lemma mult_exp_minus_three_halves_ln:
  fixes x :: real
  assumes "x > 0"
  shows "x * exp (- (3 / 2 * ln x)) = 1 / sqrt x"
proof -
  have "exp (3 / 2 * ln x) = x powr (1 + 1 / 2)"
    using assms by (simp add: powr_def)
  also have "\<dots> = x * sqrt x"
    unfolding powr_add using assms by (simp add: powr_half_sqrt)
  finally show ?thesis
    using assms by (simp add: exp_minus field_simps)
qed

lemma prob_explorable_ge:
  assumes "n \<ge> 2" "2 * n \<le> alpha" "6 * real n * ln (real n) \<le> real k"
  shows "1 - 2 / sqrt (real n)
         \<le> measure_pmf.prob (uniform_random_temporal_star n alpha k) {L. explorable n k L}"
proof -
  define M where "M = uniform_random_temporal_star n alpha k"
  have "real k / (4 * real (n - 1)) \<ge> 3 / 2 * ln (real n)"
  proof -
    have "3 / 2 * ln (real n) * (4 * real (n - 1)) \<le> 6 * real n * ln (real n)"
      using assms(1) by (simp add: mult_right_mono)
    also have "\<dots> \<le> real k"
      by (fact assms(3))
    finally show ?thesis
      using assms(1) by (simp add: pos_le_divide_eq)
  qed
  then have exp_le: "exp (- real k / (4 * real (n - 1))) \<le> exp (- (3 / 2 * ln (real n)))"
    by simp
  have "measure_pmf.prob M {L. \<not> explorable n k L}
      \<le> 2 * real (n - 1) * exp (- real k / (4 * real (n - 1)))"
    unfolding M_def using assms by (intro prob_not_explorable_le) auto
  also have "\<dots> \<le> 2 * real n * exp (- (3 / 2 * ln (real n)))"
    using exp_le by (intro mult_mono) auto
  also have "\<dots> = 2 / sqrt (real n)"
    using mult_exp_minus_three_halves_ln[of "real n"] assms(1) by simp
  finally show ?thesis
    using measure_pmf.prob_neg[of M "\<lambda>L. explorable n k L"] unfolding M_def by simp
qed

Problem to solve:
Word for word, write out every record.

Task output:
lemma mult_exp_minus_three_halves_ln:
  fixes x :: real
  assumes "x > 0"
  shows "x * exp (- (3 / 2 * ln x)) = 1 / sqrt x"
proof -
  have "exp (3 / 2 * ln x) = x powr (1 + 1 / 2)"
    using assms by (simp add: powr_def)
  also have "\<dots> = x * sqrt x"
    unfolding powr_add using assms by (simp add: powr_half_sqrt)
  finally show ?thesis
    using assms by (simp add: exp_minus field_simps)
qed

lemma prob_explorable_ge:
  assumes "n \<ge> 2" "2 * n \<le> alpha" "6 * real n * ln (real n) \<le> real k"
  shows "1 - 2 / sqrt (real n)
         \<le> measure_pmf.prob (uniform_random_temporal_star n alpha k) {L. explorable n k L}"
proof -
  define M where "M = uniform_random_temporal_star n alpha k"
  have "real k / (4 * real (n - 1)) \<ge> 3 / 2 * ln (real n)"
  proof -
    have "3 / 2 * ln (real n) * (4 * real (n - 1)) \<le> 6 * real n * ln (real n)"
      using assms(1) by (simp add: mult_right_mono)
    also have "\<dots> \<le> real k"
      by (fact assms(3))
    finally show ?thesis
      using assms(1) by (simp add: pos_le_divide_eq)
  qed
  then have exp_le: "exp (- real k / (4 * real (n - 1))) \<le> exp (- (3 / 2 * ln (real n)))"
    by simp
  have "measure_pmf.prob M {L. \<not> explorable n k L}
      \<le> 2 * real (n - 1) * exp (- real k / (4 * real (n - 1)))"
    unfolding M_def using assms by (intro prob_not_explorable_le) auto
  also have "\<dots> \<le> 2 * real n * exp (- (3 / 2 * ln (real n)))"
    using exp_le by (intro mult_mono) auto
  also have "\<dots> = 2 / sqrt (real n)"
    using mult_exp_minus_three_halves_ln[of "real n"] assms(1) by simp
  finally show ?thesis
    using measure_pmf.prob_neg[of M "\<lambda>L. explorable n k L"] unfolding M_def by simp
qed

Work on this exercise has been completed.